Le 25 janvier 2024, le ministère français de l’Intérieur a publié les statistiques provisoires sur l’immigration en France pour l’année 2023. Ces données montrent que la France a délivré 2,3 millions de visas, 323 260 titres de séjour (pour étudiants, membres de famille, motifs économiques), régularisé 11 411 étrangers en situation irrégulière, octroyé l’asile et la protection subsidiaire à 60 080 personnes, tandis que les naturalisations ont diminué de 21,7%, concernant 61 640 personnes. Il est difficile d’estimer précisément le nombre d’étrangers en situation irrégulière en France, mais la mise en œuvre de la loi vise à mieux contrôler l’immigration et à améliorer leur intégration.
Pour contrôler l’immigration, des mesures sont prises pour sanctionner les migrants en situation irrégulière et ceux menaçant l’ordre public. Une circulaire en vigueur jusqu’en décembre 2026 permet la régularisation des métiers en tension, notamment dans les secteurs de la santé et de l’agriculture. Toutefois, en dehors de ces régularisations exceptionnelles, les contrôles seront renforcés. La loi de 2024 introduit des sanctions pour la présence et le travail irréguliers, avec notamment des amendes pour les employeurs.
En ce qui concerne l’intégration, la loi de 2024 semble promouvoir cet aspect. Cependant, il subsiste des incertitudes quant à son effet sur le nombre d’étrangers en situation irrégulière. Tous les nouveaux arrivants en France devront suivre un parcours d’intégration républicaine, comprenant la souscription d’un contrat d’engagement républicain. Les parents devront s’engager à éduquer leurs enfants dans le respect des valeurs de la République et à maitriser la langue française, sous peine de non-renouvellement ou de retrait du titre de séjour.

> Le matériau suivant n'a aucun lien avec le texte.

lemma sum_local_err_bound:
  assumes l: "1 \<le> l" "l \<le> n"
  shows "\<bar>\<Sum>j<l. local_err l j\<bar> \<le> Kt * (real n powr (- \<gamma>) * tm l powr (- \<alpha>))"
proof -
  define F where "F = real n powr (- \<gamma>) * tm l powr (- \<alpha>)"
  have F0: "0 \<le> F" unfolding F_def by simp
  show ?thesis
  proof (cases "l = 1")
    case True
    then have "\<bar>\<Sum>j<l. local_err l j\<bar> \<le> Ka * T powr \<alpha> * F" unfolding F_def
      using local_err_first_step_decay by simp
    also have "\<dots> \<le> Kt * F" unfolding Kt_def using truncation_consts_nonneg F0
      by (intro mult_right_mono) auto
    finally show ?thesis unfolding F_def .
  next
    case False
    then have l2: "2 \<le> l" using l by simp
    have set: "{..<l} = insert 0 (insert (l - 1) {1..<l - 1})" using l2 by auto
    have "(\<Sum>j<l. local_err l j) = local_err l 0 + (local_err l (l - 1) + (\<Sum>j\<in>{1..<l - 1}. local_err l j))"
      unfolding set using l2 by (subst sum.insert) auto
    moreover have "\<bar>\<Sum>j\<in>{1..<l - 1}. local_err l j\<bar> \<le> (\<Sum>j\<in>{1..<l - 1}. \<bar>local_err l j\<bar>)"
      by (rule sum_abs)
    ultimately have "\<bar>\<Sum>j<l. local_err l j\<bar> \<le> \<bar>local_err l 0\<bar> + \<bar>local_err l (l - 1)\<bar> + (\<Sum>j\<in>{1..<l - 1}. \<bar>local_err l j\<bar>)"
      by linarith
    also have "\<dots> \<le> Kb * F + Kc * F + Kd * F"
      using local_err_first_decay[OF l2 l(2)] local_err_last_decay[OF l2 l(2)] local_err_middle_decay[OF l2 l(2)]
        unfolding F_def
      by (intro add_mono) auto
    also have "\<dots> \<le> Kt * F"
    proof -
      have "0 \<le> Ka * T powr \<alpha> * F" using truncation_consts_nonneg F0 by simp
      then show ?thesis unfolding Kt_def by (simp add: distrib_right)
    qed
    finally show ?thesis unfolding F_def .
  qed
qed

lemma l1_truncation_error_bound:
  assumes l: "1 \<le> l" "l \<le> n"
  shows "\<bar>(\<Sum>j<l. l1_weight \<alpha> l j * (Y (tm (Suc j)) - Y (tm j))) - integral {0..tm l} (\<lambda>s. (tm l - s) powr (- \<alpha>) * Y' s) / Gamma (1 - \<alpha>)\<bar>
     \<le> Kt / Gamma (1 - \<alpha>) * (real n powr (- \<gamma>) * tm l powr (- \<alpha>))"
  unfolding l1_truncation_eq_sum_local_err[OF l] using sum_local_err_bound[OF l] Gamma_1_minus_pos
  by (simp add: divide_right_mono)

end

lemma L2_set_le_sqrt_card:
  fixes f :: "'a \<Rightarrow> real"
  assumes "finite A" "0 \<le> B" "\<And>i. i \<in> A \<Longrightarrow> \<bar>f i\<bar> \<le> B"
  shows "L2_set f A \<le> sqrt (real (card A)) * B"
proof -
  have "(\<Sum>i\<in>A. (f i)^2) \<le> (\<Sum>i\<in>A. B^2)"
  proof (rule sum_mono)
    fix i assume "i \<in> A"
    then have "\<bar>f i\<bar>^2 \<le> B^2" using assms by (intro power_mono) auto
    then show "(f i)^2 \<le> B^2" by simp
  qed
  then have "L2_set f A \<le> sqrt (real (card A) * B^2)" unfolding L2_set_def by simp
  also have "\<dots> = sqrt (real (card A)) * B" using assms by (simp add: real_sqrt_mult)
  finally show ?thesis .
qed

lemma Max_abs_le_L2_set:
  fixes e :: "'a \<Rightarrow> real"
  assumes "finite A" "A \<noteq> {}"
  shows "Max ((\<lambda>i. \<bar>e i\<bar>) ` A) \<le> L2_set e A"
proof -
  have "L2_set (\<lambda>i. \<bar>e i\<bar>) A = L2_set e A" unfolding L2_set_def by simp
  then have "\<bar>e i\<bar> \<le> L2_set e A" if "i \<in> A" for i
    using member_le_L2_set[OF assms(1) that, of "\<lambda>i. \<bar>e i\<bar>"] by simp
  then show ?thesis using assms by simp
qed

lemma (in graded_mesh) scheme_solution_l1_form:
  assumes "\<alpha> < 1" and sch: "is_scheme_solution \<alpha> lam v D T L r f g n K Y"
    and i: "i \<in> {1..K-1}" and l: "l \<in> {1..n}"
  defines "h \<equiv> L / real K"
  shows "(\<Sum>j<l. l1_weight \<alpha> l j * (Y i (Suc j) - Y i j))
         = - v * (Y (i+1) l - Y (i-1) l) / (2 * h) + D * (Y (i+1) l - 2 * Y i l + Y (i-1) l) / h^2
           + exp (lam * tm l) * f (real i * h) (tm l)"
proof -
  have "(\<Sum>j<l. l1_weight \<alpha> l j * (Y i (Suc j) - Y i j))
      = (1 / Gamma (2 - \<alpha>)) * (\<Sum>j<l. \<tau> j powr (-\<alpha>) * acoef \<alpha> r j l * (Y i (Suc j) - Y i j))"
    unfolding sum_distrib_left
  proof (rule sum.cong)
    fix j assume "j \<in> {..<l}"
    then have coeff: "\<tau> j powr (- \<alpha>) * acoef \<alpha> r j l / Gamma (2 - \<alpha>) = l1_weight \<alpha> l j"
      by (intro l1_weight_eq_scheme_coeff assms(1)) simp
    show "l1_weight \<alpha> l j * (Y i (Suc j) - Y i j)
        = 1 / Gamma (2 - \<alpha>) * (\<tau> j powr (- \<alpha>) * acoef \<alpha> r j l * (Y i (Suc j) - Y i j))"
      by (simp flip: coeff)
  qed simp
  with sch i l show ?thesis unfolding is_scheme_solution_def Let_def h_def by auto
qed

locale fde_solution =
  fixes \<alpha> lam v D T L r C0 M3 M4 :: real
    and f :: "real \<Rightarrow> real \<Rightarrow> real" and g :: "real \<Rightarrow> real"
    and y yt ytt y1 y2 y3 y4 :: "real \<Rightarrow> real \<Rightarrow> real"
  assumes alpha_pos: "0 < \<alpha>" and alpha_lt_1: "\<alpha> < 1" and v_pos: "0 < v" and D_pos: "0 < D"
    and T_pos: "0 < T" and L_pos: "0 < L" and r_ge: "1 \<le> r"
    and y_cont: "continuous_on ({0..L} \<times> {0..T}) (\<lambda>(x, t). y x t)"
    and y_t: "\<And>x t. x \<in> {0..L} \<Longrightarrow> t \<in> {0<..T} \<Longrightarrow>
               ((\<lambda>s. y x s) has_real_derivative yt x t) (at t within {0..T})"
    and y_tt: "\<And>x t. x \<in> {0..L} \<Longrightarrow> t \<in> {0<..T} \<Longrightarrow>
               ((\<lambda>s. yt x s) has_real_derivative ytt x t) (at t within {0..T})"
    and y_x1: "\<And>x t. x \<in> {0..L} \<Longrightarrow> t \<in> {0..T} \<Longrightarrow>
               ((\<lambda>z. y z t) has_real_derivative y1 x t) (at x within {0..L})"
    and y_x2: "\<And>x t. x \<in> {0..L} \<Longrightarrow> t \<in> {0..T} \<Longrightarrow>
               ((\<lambda>z. y1 z t) has_real_derivative y2 x t) (at x within {0..L})"
    and y_x3: "\<And>x t. x \<in> {0..L} \<Longrightarrow> t \<in> {0..T} \<Longrightarrow>
               ((\<lambda>z. y2 z t) has_real_derivative y3 x t) (at x within {0..L})"
    and y_x4: "\<And>x t. x \<in> {0..L} \<Longrightarrow> t \<in> {0..T} \<Longrightarrow>
               ((\<lambda>z. y3 z t) has_real_derivative y4 x t) (at x within {0..L})"
    and C0_pos: "0 < C0"
    and yt_bound: "\<And>x t. x \<in> {0..L} \<Longrightarrow> t \<in> {0<..T} \<Longrightarrow> \<bar>yt x t\<bar> \<le> C0 * (1 + t powr (\<alpha> - 1))"
    and ytt_bound: "\<And>x t. x \<in> {0..L} \<Longrightarrow> t \<in> {0<..T} \<Longrightarrow> \<bar>ytt x t\<bar> \<le> C0 * (1 + t powr (\<alpha> - 2))"
    and y3_bound: "\<And>x t. x \<in> {0..L} \<Longrightarrow> t \<in> {0..T} \<Longrightarrow> \<bar>y3 x t\<bar> \<le> M3"
    and y4_bound: "\<And>x t. x \<in> {0..L} \<Longrightarrow> t \<in> {0..T} \<Longrightarrow> \<bar>y4 x t\<bar> \<le> M4"
    and pde_int: "\<And>x t. x \<in> {0<..<L} \<Longrightarrow> t \<in> {0<..T} \<Longrightarrow>
               (\<lambda>s. (t - s) powr (-\<alpha>) * yt x s) integrable_on {0..t}"
    and pde: "\<And>x t. x \<in> {0<..<L} \<Longrightarrow> t \<in> {0<..T} \<Longrightarrow>
               caputo \<alpha> (\<lambda>s. yt x s) t = - v * y1 x t + D * y2 x t + exp (lam * t) * f x t"
    and init: "\<And>x. x \<in> {0..L} \<Longrightarrow> y x 0 = g x"
    and bdry: "\<And>t. t \<in> {0..T} \<Longrightarrow> y 0 t = 0 \<and> y L t = 0"
begin

abbreviation "Ct \<equiv> l1_truncation.Kt T r \<alpha> C0"

definition "Cx = v * M3 + 2 * D * M4"

lemma Cx_nonneg: "0 \<le> Cx"
  unfolding Cx_def using y3_bound[of 0 0] y4_bound[of 0 0] v_pos D_pos L_pos T_pos by simp

definition "err n K Y i l = y (real i * (L / real K)) (tmesh T r n l) - Y i l"

definition "resid n K Y i l =
  (\<Sum>j<l. graded_mesh.l1_weight T r n \<alpha> l j * (err n K Y i (Suc j) - err n K Y i j))
  - (- v * (err n K Y (i+1) l - err n K Y (i-1) l) / (2 * (L / real K))
     + D * (err n K Y (i+1) l - 2 * err n K Y i l + err n K Y (i-1) l) / (L / real K)^2)"

lemma l1_truncation_at:
  assumes x: "x \<in> {0<..<L}" and n: "1 \<le> n"
  shows "l1_truncation T r n \<alpha> C0 (y x) (yt x) (ytt x)"
proof
  show "0 < T" "1 \<le> r" "1 \<le> n" "0 < \<alpha>" "\<alpha> < 1" "0 < C0"
    using T_pos r_ge n alpha_pos alpha_lt_1 C0_pos by auto
  have xl: "x \<in> {0..L}" using x by auto
  have "continuous_on {0..T} (\<lambda>t. (\<lambda>(x, t). y x t) (x, t))"
    by (rule continuous_on_compose2[OF y_cont]) (use xl in \<open>auto intro!: continuous_intros\<close>)
  then show "continuous_on {0..T} (y x)" by simp
  fix s assume s: "s \<in> {0<..T}"
  show "(y x has_real_derivative yt x s) (at s within {0..T})" using y_t[OF xl s] by simp
  show "(yt x has_real_derivative ytt x s) (at s within {0..T})" using y_tt[OF xl s] by simp
  show "\<bar>yt x s\<bar> \<le> C0 * (1 + s powr (\<alpha> - 1))" using yt_bound[OF xl s] .
  show "\<bar>ytt x s\<bar> \<le> C0 * (1 + s powr (\<alpha> - 2))" using ytt_bound[OF xl s] .
next
  fix t assume t: "t \<in> {0<..T}"
  show "(\<lambda>s. (t - s) powr (- \<alpha>) * yt x s) integrable_on {0..t}" using pde_int[OF x t] .
qed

La loi de 2024 exemptera de ce parcours certaines catégories de titulaires de cartes de séjour, considérées comme contribuant positivement à la société française. Par ailleurs, à partir du 1er juillet 2024, un système expérimental à “360°” sera mis en place dans cinq à dix départements, permettant au préfet d’examiner tous les motifs de délivrance du titre de séjour et de délivrer un titre de séjour salarié, moins favorable qu’une carte de séjour vie privée et familiale.
Enfin, le renouvellement de la carte de séjour temporaire sera limité à trois fois pour le même motif, rendant la situation des étrangers dans cette catégorie encore plus précaire. Les critères pour le renouvellement, ou la naturalisation, y compris la résidence habituelle en France et la maîtrise du français, seront plus stricts qu’auparavant.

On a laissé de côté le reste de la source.